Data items
lemma root_posterior_deviation_bound:
  assumes r2: "r \<ge> 2" and "a > 0" "b > 0" and \<omega>: "\<omega> > 0"
    and x: "x \<in> {1..r}" and eps: "\<epsilon> > 0"
  shows "measure_pmf.prob (gw_joint r a b \<omega> \<mu> \<nu> R)
      {t. \<bar>root_posterior r a b \<omega> \<mu> \<nu> R (observe R t) x - 1 / real r\<bar> > \<epsilon>}
    \<le> 2 * (\<omega> * gw_tau r a b \<mu> \<nu>) ^ R / (real r * \<epsilon>)"
proof -
  define q where "q = \<omega> * gw_tau r a b \<mu> \<nu>"
  have q_nonneg: "q \<ge> 0" using gw_tau_nonneg[OF assms(1-3)] \<omega> by (simp add: q_def)
  have r_pos: "real r > 0" using r2 by simp
  have r1: "r \<ge> 1" using r2 by simp
  have r_eps_pos: "real r * \<epsilon> > 0" using r_pos eps by simp
  have deviation_iff: "\<bar>u / real r - 1 / real r\<bar> > \<epsilon> \<longleftrightarrow> \<bar>u - 1\<bar> > real r * \<epsilon>" for u
    using r_pos by (simp add: diff_divide_distrib[symmetric] field_simps)
  have "{t. \<bar>root_posterior r a b \<omega> \<mu> \<nu> R (observe R t) x - 1 / real r\<bar> > \<epsilon>}
    = observe R -` {w. real r * \<epsilon> < \<bar>pmf (obs_law R x) w / pmf (obs_marginal R) w - 1\<bar>}"
    by (simp only: vimage_def mem_Collect_eq root_posterior_eq[OF r1 x] deviation_iff)
  then have "measure_pmf.prob (gw_joint r a b \<omega> \<mu> \<nu> R)
      {t. \<bar>root_posterior r a b \<omega> \<mu> \<nu> R (observe R t) x - 1 / real r\<bar> > \<epsilon>}
    = measure_pmf.prob (obs_marginal R)
      {w. real r * \<epsilon> < \<bar>pmf (obs_law R x) w / pmf (obs_marginal R) w - 1\<bar>}"
    by (simp only: measure_map_pmf)
  moreover have "ennreal (real r * \<epsilon> * measure_pmf.prob (obs_marginal R)
      {w. real r * \<epsilon> < \<bar>pmf (obs_law R x) w / pmf (obs_marginal R) w - 1\<bar>}) \<le> ennreal (2 * q ^ R)"
  proof -
    have "l1_dist (obs_law R x) (obs_marginal R)
        \<le> (\<integral>\<^sup>+ z. l1_dist (obs_law R x) (obs_law R z) \<partial>pmf_of_set {1..r})"
      using l1_dist_bind_mixture[of "pmf_of_set {1..r}" "\<lambda>_. obs_law R x" "obs_law R"]
      by (simp add: obs_marginal_eq)
    also have "\<dots> \<le> (\<integral>\<^sup>+ z. 2 * ennreal q ^ R \<partial>pmf_of_set {1..r})"
      using r2 by (intro nn_integral_mono_AE)
        (auto simp: AE_measure_pmf_iff q_def intro!: l1_dist_obs_law[OF assms(1-4) x])
    also have "\<dots> = ennreal (2 * q ^ R)"
      using q_nonneg by (simp add: measure_pmf.emeasure_space_1 ennreal_mult ennreal_power)
    finally show ?thesis by (rule order.trans[OF l1_dist_ratio_deviation[OF r_eps_pos]])
  qed
  then have "real r * \<epsilon> * measure_pmf.prob (obs_marginal R)
      {w. real r * \<epsilon> < \<bar>pmf (obs_law R x) w / pmf (obs_marginal R) w - 1\<bar>} \<le> 2 * q ^ R"
    using q_nonneg by (simp add: ennreal_le_iff)
  ultimately show ?thesis
    using r_eps_pos by (simp add: q_def pos_le_divide_eq mult.commute)
qed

# Exercise
The answer should be one number, the count of lines in the data that include the string "intro".

# Task response
2